Stored data entries:

lemma legendre_positivity:
  assumes "\<forall>y. -1 < y \<and> y < 1 \<and> L n y = 0 \<longrightarrow> y \<le> z"
  shows "z < x \<Longrightarrow> L n x > 0"
    and "n \<ge> 1 \<Longrightarrow> z \<le> x \<Longrightarrow> Ld n x > 0"
    and "n \<ge> 2 \<Longrightarrow> z \<le> x \<Longrightarrow> Ldd n x > 0"
proof -
  have pos: "poly (rodrigues n k) x > 0"
    if "k \<le> 2 * n" "\<And>y. x \<le> y \<Longrightarrow> poly (rodrigues n k) y \<noteq> 0" for k
    using poly_pos_right_of_zeros lead_coeff_rodrigues_pos that by blast
  show "z < x \<Longrightarrow> L n x > 0"
    using pos[of n] rodrigues_zeros_below(1)[OF assms] by (force simp: L_rodrigues)
  show "n \<ge> 1 \<Longrightarrow> z \<le> x \<Longrightarrow> Ld n x > 0"
    using pos[of "Suc n"] rodrigues_zeros_below(2)[OF assms] by (force simp: Ld_rodrigues)
  show "n \<ge> 2 \<Longrightarrow> z \<le> x \<Longrightarrow> Ldd n x > 0"
    using pos[of "Suc (Suc n)"] rodrigues_zeros_below(3)[OF assms] by (force simp: Ldd_rodrigues)
qed

text \<open>\<open>(1+x) L\<^sub>n' - p L\<^sub>n > 0\<close> on any interval \<open>[x,1)\<close> where \<open>L\<^sub>n' > 0\<close>: the function
  \<open>(1-t)((1+t) L\<^sub>n' - p L\<^sub>n)\<close> has derivative \<open>-p(1-t) L\<^sub>n'\<close> and vanishes at \<open>1\<close>.\<close>

lemma legendre_boundary_pos:
  assumes "n \<ge> 1" "x < 1" and Ld_pos: "\<And>t. x < t \<Longrightarrow> t < 1 \<Longrightarrow> Ld n t > 0"
  shows "(1 + x) * Ld n x - real (n * (n + 1)) * L n x > 0"
proof -
  define P where "P = real (n * (n + 1))"
  have "P > 0" using \<open>n \<ge> 1\<close> unfolding P_def by (simp del: of_nat_mult)
  define F where "F t = (1 - t) * ((1 + t) * Ld n t - P * L n t)" for t
  have F_deriv: "(F has_real_derivative - P * (1 - t) * Ld n t) (at t)" for t
  proof -
    have "(F has_real_derivative
        - ((1 + t) * Ld n t - P * L n t) + (1 - t) * (Ld n t + (1 + t) * Ldd n t - P * Ld n t)) (at t)"
      unfolding F_def by (auto intro!: derivative_eq_intros L_has_derivative Ld_has_derivative)
    moreover have "- ((1 + t) * Ld n t - P * L n t) + (1 - t) * (Ld n t + (1 + t) * Ldd n t - P * Ld n t)
        = - P * (1 - t) * Ld n t"
      using legendre_ode[of t n] unfolding P_def[symmetric] by (simp add: algebra_simps power2_eq_square)
    ultimately show ?thesis by simp
  qed
  have "F 1 < F x"
  proof (rule DERIV_neg_imp_decreasing_open[OF \<open>x < 1\<close>])
    show "\<exists>y. (F has_real_derivative y) (at t) \<and> y < 0" if "x < t" "t < 1" for t
      using F_deriv[of t] Ld_pos[OF that] that by (intro exI[of _ "- P * (1 - t) * Ld n t"])
        (simp add: \<open>P > 0\<close>)
    show "continuous_on {x..1} F"
      using F_deriv by (intro DERIV_atLeastAtMost_imp_continuous_on) blast
  qed
  then show ?thesis using \<open>x < 1\<close> by (simp add: F_def P_def zero_less_mult_iff)
qed

definition acoef_den :: "nat \<Rightarrow> nat \<Rightarrow> real \<Rightarrow> real" where
  "acoef_den p n x = (1 - x) * Ld n x + real p * L n x"

definition acoef_closed :: "nat \<Rightarrow> nat \<Rightarrow> real \<Rightarrow> real" where
  "acoef_closed p n x = real p * ((1 + x) / 2) ^ (p - 1) / acoef_den p n x"

lemma beta_factor:
  assumes "p \<ge> 1"
  shows "beta p n x = (1 + x) ^ (p - 1) * ((1 + x) * Ld n x - real p * L n x)
                      / ((1 - x) ^ (p - 1) * acoef_den p n x)"
proof -
  obtain m where p: "p = Suc m" using assms by (cases p) auto
  show ?thesis unfolding beta_def acoef_den_def p by (simp add: algebra_simps)
qed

# [Problem to work on]
Above are the records; please copy exactly their first line and each line after it through the line containing "using pos[of n]", and no line after that.

# [Task response]
lemma legendre_positivity:
  assumes "\<forall>y. -1 < y \<and> y < 1 \<and> L n y = 0 \<longrightarrow> y \<le> z"
  shows "z < x \<Longrightarrow> L n x > 0"
    and "n \<ge> 1 \<Longrightarrow> z \<le> x \<Longrightarrow> Ld n x > 0"
    and "n \<ge> 2 \<Longrightarrow> z \<le> x \<Longrightarrow> Ldd n x > 0"
proof -
  have pos: "poly (rodrigues n k) x > 0"
    if "k \<le> 2 * n" "\<And>y. x \<le> y \<Longrightarrow> poly (rodrigues n k) y \<noteq> 0" for k
    using poly_pos_right_of_zeros lead_coeff_rodrigues_pos that by blast
  show "z < x \<Longrightarrow> L n x > 0"
    using pos[of n] rodrigues_zeros_below(1)[OF assms] by (force simp: L_rodrigues)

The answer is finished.